lemma exp_ad_add: "exp_ad e (u + v) = exp_ad e u + exp_ad e v"
  and exp_ad_scale: "exp_ad e (scale c u) = scale c (exp_ad e u)"
  and exp_ad_diff: "exp_ad e (u - v) = exp_ad e u - exp_ad e v"
  by (simp_all add: exp_ad_def br_bilinear g_bilinear algebra_simps)

lemma exp_ad_uminus_exp_ad:
  assumes e: "extremal scale br e"
  shows "exp_ad (- e) (exp_ad e v) = v"
proof -
  let ?x = "exp_ad e v"
  have g_x: "g e ?x = g e v"
    by (simp add: exp_ad_def g_bilinear g_self[OF e] g_ad_self[OF e])
  have br_x: "br e ?x = br e v + scale (2 * g e v) e"
    by (simp add: exp_ad_def br_add_right br_scale_right br_self extremal_ad_square[OF e])
  have "exp_ad (- e) ?x = ?x - br e ?x + scale (g e ?x) e"
    unfolding exp_ad_def by (simp add: br_minus_left g_minus_left)
  also have "\<dots> = v + br e v + scale (g e v) e - (br e v + scale (2 * g e v) e) + scale (g e v) e"
    unfolding g_x br_x by (simp only: exp_ad_def)
  also have "\<dots> = v"
    using V.scale_left_distrib[of "g e v" "g e v" e] by (simp only: mult_2) simp
  finally show ?thesis .
qed

lemma exp_ad_exp_ad_uminus:
  assumes e: "extremal scale br e"
  shows "exp_ad e (exp_ad (- e) v) = v"
  using exp_ad_uminus_exp_ad[OF extremal_uminus[OF e]] by simp

lemma exp_ad_bracket:
  assumes e: "extremal scale br e"
  shows "br (exp_ad e u) (exp_ad e v) = exp_ad e (br u v)"
proof -
  have "br (br e u) (br e v) = scale (g e (br u v)) e + scale (g e v) (br e u) - scale (g e u) (br e v)"
    by (rule extremal_bracket_ads[OF e])
  moreover have "br (br e u) e = - scale (2 * g e u) e"
    by (simp add: br_anticomm[of "br e u" e] extremal_ad_square[OF e])
  moreover have "br e (br e v) = scale (2 * g e v) e"
    by (rule extremal_ad_square[OF e])
  moreover have "br u e = - br e u"
    by (rule br_anticomm)
  moreover have "br (br e u) v = br e (br u v) - br u (br e v)"
    using br_derivation[of e u v] by (simp add: algebra_simps)
  ultimately show ?thesis
    unfolding exp_ad_def by (simp add: br_bilinear algebra_simps)
qed

lemma br_exp_ad_left:
  assumes e: "extremal scale br e"
  shows "br (exp_ad e u) v = exp_ad e (br u (exp_ad (- e) v))"
  by (metis exp_ad_bracket[OF e] exp_ad_exp_ad_uminus[OF e])

lemma extremal_ids_exp_ad:
  assumes a: "extremal scale br a" and e: "extremal scale br e"
  shows "extremal_ids scale br (exp_ad e a) (\<lambda>v. g a (exp_ad (- e) v))"
  unfolding extremal_ids_def
proof (intro conjI allI)
  fix u w
  let ?c = "exp_ad e a" and ?u = "exp_ad (- e) u" and ?w = "exp_ad (- e) w"
  have inner: "exp_ad (- e) (br ?c p) = br a (exp_ad (- e) p)" for p
    by (simp add: br_exp_ad_left[OF e] exp_ad_uminus_exp_ad[OF e])
  have pull: "exp_ad (- e) (br p q) = br (exp_ad (- e) p) (exp_ad (- e) q)" for p q
    by (rule exp_ad_bracket[OF extremal_uminus[OF e], symmetric])
  note push = exp_ad_add exp_ad_diff exp_ad_scale exp_ad_bracket[OF e, symmetric] exp_ad_exp_ad_uminus[OF e]
  have "br ?c (br ?c u) = exp_ad e (br a (exp_ad (- e) (br ?c u)))"
    by (rule br_exp_ad_left[OF e])
  also have "\<dots> = exp_ad e (br a (br a ?u))"
    by (simp only: inner)
  finally have "br ?c (br ?c u) = exp_ad e (br a (br a ?u))" .
  then show "br ?c (br ?c u) = scale (2 * g a ?u) ?c"
    by (simp only: extremal_ad_square[OF a] exp_ad_scale)
  have "br (br ?c u) (br ?c w) = exp_ad e (br (br a ?u) (br a ?w))"
    by (simp only: br_exp_ad_left[OF e, of a] exp_ad_bracket[OF e])
  then show "br (br ?c u) (br ?c w) =
      scale (g a (exp_ad (- e) (br u w))) ?c + scale (g a ?w) (br ?c u) - scale (g a ?u) (br ?c w)"
    by (simp only: extremal_bracket_ads[OF a] push pull)
  have "br ?c (br u (br ?c w)) = exp_ad e (br a (exp_ad (- e) (br u (br ?c w))))"
    by (rule br_exp_ad_left[OF e])
  also have "\<dots> = exp_ad e (br a (br ?u (br a ?w)))"
    by (simp only: pull[of u "br ?c w"] inner)
  finally have "br ?c (br u (br ?c w)) = exp_ad e (br a (br ?u (br a ?w)))" .
  then show "br ?c (br u (br ?c w)) =
      scale (g a (exp_ad (- e) (br u w))) ?c - scale (g a ?w) (br ?c u) - scale (g a ?u) (br ?c w)"
    by (simp only: extremal_ad_conj[OF a] push pull)
qed
theorem theorem8:
  fixes p n k :: nat
  assumes "prime p" and "n = p ^ 2" and "real k \<le> sqrt (real n)"
  shows "is_PIR_code n (n + k * p) k (array_code p p {0..<k})
         \<and> real ((n + k * p) - n) = real k * sqrt (real n)
         \<and> real (r_P n k) \<le> real k * sqrt (real n)"
proof -
  have sqrt_n: "sqrt (real n) = real p" using assms(2) by simp
  then have "k \<le> p" using assms(3) by simp
  then have pir: "is_PIR_code n (n + k * p) k (array_code p p {0..<k})"
    using is_PIR_code_array_code[OF assms(1) order.refl] assms(2) by (simp add: power2_eq_square)
  then have "r_P n k \<le> k * p" using r_P_le by fastforce
  then have "real (r_P n k) \<le> real k * real p" by (metis of_nat_le_iff of_nat_mult)
  with pir sqrt_n show ?thesis by simp
qed

end
lemma mult_num_cycles_le_card_edges:
  assumes G: "simple_graph V E"
    and long: "\<And>C. is_cycle V E C \<Longrightarrow> k \<le> card C"
    and one_cycle: "\<forall>e\<in>E. card {C. is_cycle V E C \<and> e \<in> C} \<le> 1"
  shows "k * num_cycles V E \<le> card E"
proof -
  define S where "S = {C. is_cycle V E C}"
  have finE: "finite E" using simple_graph_finite_edges[OF G] .
  have "C1 = C2" if "C1 \<in> S" "C2 \<in> S" "e \<in> C1" "e \<in> C2" for C1 C2 e
  proof -
    have "e \<in> E" using that is_cycle_subset unfolding S_def by blast
    then have "card {C. is_cycle V E C \<and> e \<in> C} \<le> Suc 0" using one_cycle by simp
    moreover have "finite {C. is_cycle V E C \<and> e \<in> C}"
      using finite_cycles[OF G] by (rule rev_finite_subset) blast
    ultimately show ?thesis using that card_le_Suc0_iff_eq unfolding S_def by blast
  qed
  then have "pairwise disjnt S" unfolding pairwise_def disjnt_def by blast
  moreover have "finite C" if "C \<in> S" for C
    using finite_subset[OF is_cycle_subset finE] that unfolding S_def by blast
  ultimately have "card (\<Union>S) = (\<Sum>C\<in>S. card C)" by (rule card_Union_disjoint)
  moreover have "k * card S \<le> (\<Sum>C\<in>S. card C)"
    using sum_mono[of S "\<lambda>_. k" card] long unfolding S_def by (simp add: mult.commute)
  moreover have "card (\<Union>S) \<le> card E"
    using finE is_cycle_subset unfolding S_def by (intro card_mono) auto
  ultimately show ?thesis unfolding num_cycles_def S_def by linarith
qed

lemma bipartition_add_apices:
  assumes bip: "bipartition V E X Y" and new: "x \<notin> V" "y \<notin> V" "x' \<notin> V" "y' \<notin> V"
    and "x \<noteq> y" "x \<noteq> x'" "y \<noteq> y'" "x' \<noteq> y'"
  shows "bipartition (V \<union> {x, y, x', y'})
    (E \<union> {{x, v} | v. v \<in> X} \<union> {{y, v} | v. v \<in> Y} \<union> {{x, y}, {x, x'}, {x', y'}, {y, y'}})
    (X \<union> {y, x'}) (Y \<union> {x, y'})"
  unfolding bipartition_def
proof (intro conjI ballI)
  have XY: "X \<union> Y = V" "X \<inter> Y = {}" using bip unfolding bipartition_def by auto
  then show "X \<union> {y, x'} \<union> (Y \<union> {x, y'}) = V \<union> {x, y, x', y'}" by blast
  show "(X \<union> {y, x'}) \<inter> (Y \<union> {x, y'}) = {}" using XY assms by blast
  fix e assume "e \<in> E \<union> {{x, v} | v. v \<in> X} \<union> {{y, v} | v. v \<in> Y} \<union> {{x, y}, {x, x'}, {x', y'}, {y, y'}}"
  then consider "e \<in> E" | v where "v \<in> X" "e = {v, x}" | v where "v \<in> Y" "e = {y, v}"
    | "e = {y, x}" | "e = {x', x}" | "e = {x', y'}" | "e = {y, y'}"
    by (auto simp: insert_commute)
  then show "\<exists>u v. e = {u, v} \<and> u \<in> X \<union> {y, x'} \<and> v \<in> Y \<union> {x, y'}"
    using bip unfolding bipartition_def by cases blast+
qed

lemma simple_graph_add_apices:
  assumes G: "simple_graph V E" and bip: "bipartition V E X Y" and new: "distinct [x, y, x', y']"
    "x \<notin> V" "y \<notin> V"
  shows "simple_graph (V \<union> {x, y, x', y'})
    (E \<union> {{x, v} | v. v \<in> X} \<union> {{y, v} | v. v \<in> Y} \<union> {{x, y}, {x, x'}, {x', y'}, {y, y'}})"
  unfolding simple_graph_def
proof (intro conjI ballI)
  show "finite (V \<union> {x, y, x', y'})" using G unfolding simple_graph_def by simp
  have XY: "X \<subseteq> V" "Y \<subseteq> V" using bip unfolding bipartition_def by auto
  fix e assume "e \<in> E \<union> {{x, v} | v. v \<in> X} \<union> {{y, v} | v. v \<in> Y} \<union> {{x, y}, {x, x'}, {x', y'}, {y, y'}}"
  then consider "e \<in> E" | v where "v \<in> X" "e = {x, v}" | v where "v \<in> Y" "e = {y, v}"
    | "e = {x, y}" | "e = {x, x'}" | "e = {x', y'}" | "e = {y, y'}"
    by blast
  then show "\<exists>u v. e = {u, v} \<and> u \<noteq> v \<and> u \<in> V \<union> {x, y, x', y'} \<and> v \<in> V \<union> {x, y, x', y'}"
  proof cases
    case 1 then show ?thesis using G unfolding simple_graph_def by blast
  next
    case 2 then show ?thesis using XY new(2) by blast
  next
    case 3 then show ?thesis using XY new(3) by blast
  qed (use new(1) in auto)
qed

theorem mainTheorem2:
  fixes VG :: "'a set" and EG :: "'a set set" and X Y :: "'a set"
    and x y x' y' :: 'a and E' :: "'a set set"
  assumes G: "simple_graph VG EG"
    and bip: "bipartition VG EG X Y"
    and div3: "3 dvd card VG"
    and new: "distinct [x, y, x', y']" "x \<notin> VG" "y \<notin> VG" "x' \<notin> VG" "y' \<notin> VG"
    and E': "E' \<subseteq> EG \<union> {{x, v} | v. v \<in> X} \<union> {{y, v} | v. v \<in> Y} \<union> {{x, y}, {x, x'}, {x', y'}, {y, y'}}"
    and cac: "cactus (VG \<union> {x, y, x', y'}) E'"
    and del: "int (card ((EG \<union> {{x, v} | v. v \<in> X} \<union> {{y, v} | v. v \<in> Y} \<union> {{x, y}, {x, x'}, {x', y'}, {y, y'}}) - E'))
              \<le> int (card (EG \<union> {{x, v} | v. v \<in> X} \<union> {{y, v} | v. v \<in> Y} \<union> {{x, y}, {x, x'}, {x', y'}, {y, y'}}))
                 - 4 * int (card VG) div 3 - 4"
  shows "num_cycles (VG \<union> {x, y, x', y'}) E' = card VG div 3 + 1
       \<and> int (num_cycles (VG \<union> {x, y, x', y'}) E') = (int (card (VG \<union> {x, y, x', y'})) - 1) div 3"
proof -
  define VH where "VH = VG \<union> {x, y, x', y'}"
  define EH where "EH = EG \<union> {{x, v} | v. v \<in> X} \<union> {{y, v} | v. v \<in> Y} \<union> {{x, y}, {x, x'}, {x', y'}, {y, y'}}"
  obtain q where q: "card VG = 3 * q" using div3 by blast
  have H': "simple_graph VH E'" and cycles_disjoint: "\<forall>e\<in>E'. card {C. is_cycle VH E' C \<and> e \<in> C} \<le> 1"
    using cac unfolding cactus_def VH_def by blast+
  have "card VH = card VG + card {x, y, x', y'}"
    unfolding VH_def using G new(2-5) by (intro card_Un_disjoint) (auto simp: simple_graph_def)
  also have "card {x, y, x', y'} = 4" using new(1) by simp
  finally have card_VH: "card VH = 3 * q + 4" using q by simp
  have "finite EH" using simple_graph_finite_edges[OF simple_graph_add_apices[OF G bip new(1-3)]]
    unfolding EH_def .
  moreover have "E' \<subseteq> EH" using E' unfolding EH_def .
  ultimately have "card (EH - E') = card EH - card E'" and "card E' \<le> card EH"
    by (simp_all add: card_Diff_subset finite_subset card_mono)
  then have "4 * q + 4 \<le> card E'" using del q unfolding EH_def[symmetric] by simp
  moreover have "card E' + 1 \<le> card VH + num_cycles VH E'"
    using card_edges_le_card_vertices_plus_num_cycles[OF H'] unfolding VH_def by blast
  moreover have "4 * num_cycles VH E' \<le> card E'"
  proof -
    have "x \<noteq> y" "x \<noteq> x'" "y \<noteq> y'" "x' \<noteq> y'" using new(1) by auto
    then have "bipartition VH E' (X \<union> {y, x'}) (Y \<union> {x, y'})"
      using bipartition_mono_edges[OF bipartition_add_apices[OF bip new(2-5)] E'] unfolding VH_def by blast
    then show ?thesis
      using mult_num_cycles_le_card_edges[OF H' _ cycles_disjoint] bipartition_card_cycle_ge_4 by blast
  qed
  ultimately have "num_cycles VH E' = q + 1" using card_VH by linarith
  then show ?thesis using q card_VH unfolding VH_def by simp
qed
□ □ □
## WHAT IS BEING ASKED
Pull every line with the string "assms" out of the material.

## ANSWER TO THIS PROBLEM
  have sqrt_n: "sqrt (real n) = real p" using assms(2) by simp
  then have "k \<le> p" using assms(3) by simp
    using is_PIR_code_array_code[OF assms(1) order.refl] assms(2) by (simp add: power2_eq_square)
  show "(X \<union> {y, x'}) \<inter> (Y \<union> {x, y'}) = {}" using XY assms by blast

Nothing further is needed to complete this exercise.